Significava per il popolo tornare a vivere. Significava rinascere. La necessità
della crocifissione di Gesù viene
posta dunque in relazione alla possibilità che l’uomo possa rinascere, che è il
movimento suggerito a Nicodemo in Gv 3,3. La promessa
straordinaria, per l’uomo, in virtù di quest’azione gratuita di Dio, è la “vita
eterna”. L’innalzamento di Gesù determina la salvezza
dell’uomo.
I vv. 16-21
rappresentano la lettura teologica di questo innalzamento
nel duplice movimento che va da Dio all'uomo (16-18) e dall'uomo a Dio (19-21).
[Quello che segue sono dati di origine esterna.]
text \<open>Take the member whose largest point in a finite set of witnesses of the pairwise
  intersections is smallest: that point lies in every member meeting it.\<close>

lemma relatively_convex_piercing:
  fixes F :: "'a::linorder set set"
  assumes "finite F" "F \<noteq> {}" "relatively_convex F"
  shows "\<exists>A\<in>F. \<exists>q. \<forall>B\<in>F. A \<inter> B \<noteq> {} \<longrightarrow> q \<in> B"
proof (cases "{} \<in> F")
  case True
  then show ?thesis by blast
next
  case False
  obtain W where "finite W"
    and W: "\<And>A B. A \<in> F \<Longrightarrow> B \<in> F \<Longrightarrow> A \<inter> B \<noteq> {} \<Longrightarrow> W \<inter> A \<inter> B \<noteq> {}"
    using finite_set_meeting_intersections[OF assms(1)] by blast
  define r where "r A = Max (W \<inter> A)" for A
  have r: "r A \<in> W \<inter> A" "\<And>x. x \<in> W \<inter> A \<Longrightarrow> x \<le> r A" if "A \<in> F" for A
  proof -
    have "W \<inter> A \<noteq> {}"
      using W[OF that that] that False by auto
    moreover have "finite (W \<inter> A)"
      using \<open>finite W\<close> by simp
    ultimately show "r A \<in> W \<inter> A" "\<And>x. x \<in> W \<inter> A \<Longrightarrow> x \<le> r A"
      unfolding r_def by (auto intro!: Max_in Max_ge simp del: Int_iff)
  qed
  have "Min (r ` F) \<in> r ` F"
    using assms(1,2) by (intro Min_in) auto
  then obtain A0 where A0: "A0 \<in> F" "r A0 = Min (r ` F)"
    by auto
  have "r A0 \<in> B" if B: "B \<in> F" "A0 \<inter> B \<noteq> {}" for B
  proof -
    obtain w where w: "w \<in> W" "w \<in> A0" "w \<in> B"
      using W[OF A0(1) B] by blast
    have "w \<le> r A0" "r A0 \<le> r B"
      using r(2)[OF A0(1)] w A0(2) Min_le[of "r ` F"] assms(1) B(1) by auto
    moreover have "r A0 \<in> \<Union>F"
      using r(1)[OF A0(1)] A0(1) by blast
    moreover have "{w..r B} \<inter> \<Union>F \<subseteq> B"
      using assms(3) B(1) w(3) r(1)[OF B(1)] unfolding relatively_convex_def by blast
    ultimately show ?thesis
      by auto
  qed
  then show ?thesis
    using A0(1) by blast
qed

definition tuples_empty_on_rows ::
    "'i set \<Rightarrow> ('i \<Rightarrow> ('a \<times> 'b) set set) \<Rightarrow> 'b set \<Rightarrow> ('i \<Rightarrow> ('a \<times> 'b) set) set" where
  "tuples_empty_on_rows M C J = {f \<in> PiE M C. \<forall>j\<in>J. (\<Inter>m\<in>M. row_slice j (f m)) = {}}"

lemma tuples_empty_on_rows_subset_PiE: "tuples_empty_on_rows M C J \<subseteq> PiE M C"
  unfolding tuples_empty_on_rows_def by blast

lemma tuples_empty_on_rows_mono:
  "(\<And>m. m \<in> M \<Longrightarrow> C' m \<subseteq> C m) \<Longrightarrow> tuples_empty_on_rows M C' J \<subseteq> tuples_empty_on_rows M C J"
  unfolding tuples_empty_on_rows_def using PiE_mono[of M C' C] by blast

lemma finite_tuples_empty_on_rows:
  "finite M \<Longrightarrow> \<forall>m\<in>M. finite (C m) \<Longrightarrow> finite (tuples_empty_on_rows M C J)"
  using tuples_empty_on_rows_subset_PiE by (rule finite_subset) (simp add: finite_PiE)

lemma card_tuples_empty_on_no_rows:
  "finite M \<Longrightarrow> card (tuples_empty_on_rows M C {}) = (\<Prod>m\<in>M. card (C m))"
  by (simp add: tuples_empty_on_rows_def card_PiE)

lemma inj_on_update_two:
  assumes "m0 \<noteq> m1"
  shows "inj_on (\<lambda>(b, h). h(m0 := a, m1 := b)) (B \<times> PiE (M - {m0, m1}) C)"
proof (rule inj_onI, clarify)
  fix b h b' h'
  assume h: "h \<in> PiE (M - {m0, m1}) C" "h' \<in> PiE (M - {m0, m1}) C"
    and eq: "h(m0 := a, m1 := b) = h'(m0 := a, m1 := b')"
  have "h m = h' m" if "m \<in> M - {m0, m1}" for m
    using fun_cong[OF eq, of m] that by auto
  with h have "h = h'"
    by (intro PiE_ext)
  moreover have "b = b'"
    using fun_cong[OF eq, of m1] by simp
  ultimately show "b = b' \<and> h = h'"
    by simp
qed

lemma update_two_in_tuples_empty_on_rows:
  assumes "m0 \<in> M" "m1 \<in> M" "m0 \<noteq> m1" "a \<in> C m0" "b \<in> C m1"
    and "row_slice j a \<inter> row_slice j b = {}"
    and h: "h \<in> tuples_empty_on_rows (M - {m0, m1}) C (J - {j})"
  shows "h(m0 := a, m1 := b) \<in> tuples_empty_on_rows M C (insert j J)"
proof -
  let ?f = "h(m0 := a, m1 := b)"
  have "?f \<in> PiE M C"
    using assms h unfolding tuples_empty_on_rows_def by (auto simp: PiE_iff extensional_def)
  moreover have "(\<Inter>m\<in>M. row_slice i (?f m)) = {}" if "i \<in> insert j J" for i
  proof (cases "i = j")
    case True
    have "(\<Inter>m\<in>M. row_slice j (?f m)) \<subseteq> row_slice j a \<inter> row_slice j b"
      using assms(1-3) by auto
    then show ?thesis
      using True assms(6) by blast
  next
    case False
    have "(\<Inter>m\<in>M. row_slice i (?f m)) \<subseteq> (\<Inter>m\<in>M - {m0, m1}. row_slice i (h m))"
      by (rule INT_anti_mono) auto
    also have "\<dots> = {}"
      using h that False unfolding tuples_empty_on_rows_def by blast
    finally show ?thesis
      by blast
  qed
  ultimately show ?thesis
    unfolding tuples_empty_on_rows_def by simp
qed

lemma card_tuples_empty_on_rows_split:
  assumes fin: "finite M" "\<forall>m\<in>M. finite (C m)"
    and m01: "m0 \<in> M" "m1 \<in> M" "m0 \<noteq> m1" and A0: "A0 \<in> C m0" and "j \<in> J"
    and pierce: "\<forall>B\<in>C m1. row_slice j A0 \<inter> row_slice j B \<noteq> {} \<longrightarrow> q \<in> row_slice j B"
  shows "card (tuples_empty_on_rows M (C(m0 := C m0 - {A0})) J)
         + card {B \<in> C m1. q \<notin> row_slice j B} * card (tuples_empty_on_rows (M - {m0, m1}) C (J - {j}))
       \<le> card (tuples_empty_on_rows M C J)"
proof -
  let ?T = "tuples_empty_on_rows M C J"
  let ?T' = "tuples_empty_on_rows M (C(m0 := C m0 - {A0})) J"
  let ?T2 = "tuples_empty_on_rows (M - {m0, m1}) C (J - {j})"
  let ?B1 = "{B \<in> C m1. q \<notin> row_slice j B}"
  let ?E = "(\<lambda>(b, h). h(m0 := A0, m1 := b)) ` (?B1 \<times> ?T2)"
  have "inj_on (\<lambda>(b, h). h(m0 := A0, m1 := b)) (?B1 \<times> ?T2)"
    using inj_on_update_two[OF m01(3), of A0 ?B1 M C]
    by (rule inj_on_subset) (intro Sigma_mono tuples_empty_on_rows_subset_PiE subset_refl)
  then have card_E: "card ?E = card ?B1 * card ?T2"
    by (simp add: card_image card_cartesian_product)
  have E_T: "?E \<subseteq> ?T"
  proof clarify
    fix b h
    assume b: "b \<in> C m1" "q \<notin> row_slice j b" and h: "h \<in> ?T2"
    then have "row_slice j A0 \<inter> row_slice j b = {}"
      using pierce by blast
    then have "h(m0 := A0, m1 := b) \<in> tuples_empty_on_rows M C (insert j J)"
      by (rule update_two_in_tuples_empty_on_rows[OF m01 A0 b(1) _ h])
    then show "h(m0 := A0, m1 := b) \<in> ?T"
      using \<open>j \<in> J\<close> by (simp add: insert_absorb)
  qed
  have T'_T: "?T' \<subseteq> ?T"
    by (rule tuples_empty_on_rows_mono) auto
  have disjoint: "?T' \<inter> ?E = {}"
  proof -
    have "f m0 \<noteq> A0" if "f \<in> ?T'" for f
    proof -
      have "f \<in> PiE M (C(m0 := C m0 - {A0}))"
        using that by (rule subsetD[OF tuples_empty_on_rows_subset_PiE])
      from PiE_mem[OF this m01(1)] show ?thesis
        by simp
    qed
    moreover have "f m0 = A0" if "f \<in> ?E" for f
      using that m01(3) by auto
    ultimately show ?thesis
      by blast
  qed
  have "finite ?T"
    using fin by (rule finite_tuples_empty_on_rows)
  have "card ?T' + card ?E = card (?T' \<union> ?E)"
    using disjoint finite_subset[OF T'_T \<open>finite ?T\<close>] finite_subset[OF E_T \<open>finite ?T\<close>]
    by (simp add: card_Un_disjoint)
  also have "\<dots> \<le> card ?T"
    using T'_T E_T \<open>finite ?T\<close> by (simp add: card_mono)
  finally show ?thesis
    unfolding card_E .
qed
Va subito anticipato che al centro di questo doppio
movimento, che sancisce la Nuova Alleanza, c'è una parola decisiva: krìsis, che traduciamo con giudizio, ma senza
sfuggire alla suggestione della sua derivazione lessicale in lingua italiana:
appunto, crisi. All'origine della possibilità che l'uomo
rimodelli la propria esistenza sulla risposta all'amore di Dio
c'è dunque una crisi, una destrutturazione che pone l'uomo di fronte alla
necessità di ripensare i presupposti esistenziali del proprio vivere.
Nei vv.16-18, dunque, il movimento
del testo segnala un’azione di Dio nei confronti dell’uomo, o meglio, del
“mondo”. Conviene leggere questa sezione del testo avendo ben presente il
prologo dell’Evangelo di Giovanni, con la sua prospettiva universale: “Il mondo
fu fatto per mezzo di lui” (Gv 1,10). Nel prologo
giovanneo è interpellato il “mondo” come genere umano che riceve la luce ed è
invitato a fare una scelta fondamentale. L’alternativa
luce/tenebre si accampa già fin dall’inizio dell’Evangelo come alternativa
radicale, che chiama l’uomo alla responsabilità di una scelta critica, una
scelta di accoglienza o di rifiuto, di fede o di incredulità. Sullo sfondo del
prologo, possiamo dunque tornare ai nostri versetti per constatare
da un lato l’intenzione salvifica di Dio (“perché sia salvato per mezzo di
lui”, v.17), dall’altro quella che gli esegeti definiscono “escatologia
anticipata” ovvero la immediata conseguenza della scelta umana: “chi non
crede è già stato giudicato” (v.18). La dinamica del giudizio non ha dunque a
che fare con un atto positivo di Dio, che si situa al termine della storia,
bensì come constatazione di una scelta esistenziale dell'uomo qui e
ora. Si tratta di un giudizio già avvenuto nel momento stesso in cui,
rispetto alla opzione fondamentale, ci si è posti in
termini di resistenza. La resistenza all'amore di Dio genera, di per sé,
il collocarsi al di fuori della Vita.
I vv.19-21 spiegano il movimento dell’uomo
in ordine alla fede. Come avviene il credere? Come si
produce l’incredulità? Tutto viene descritto in
relazione ad un evento discriminante: “la luce è venuta nel mondo” (v.19a).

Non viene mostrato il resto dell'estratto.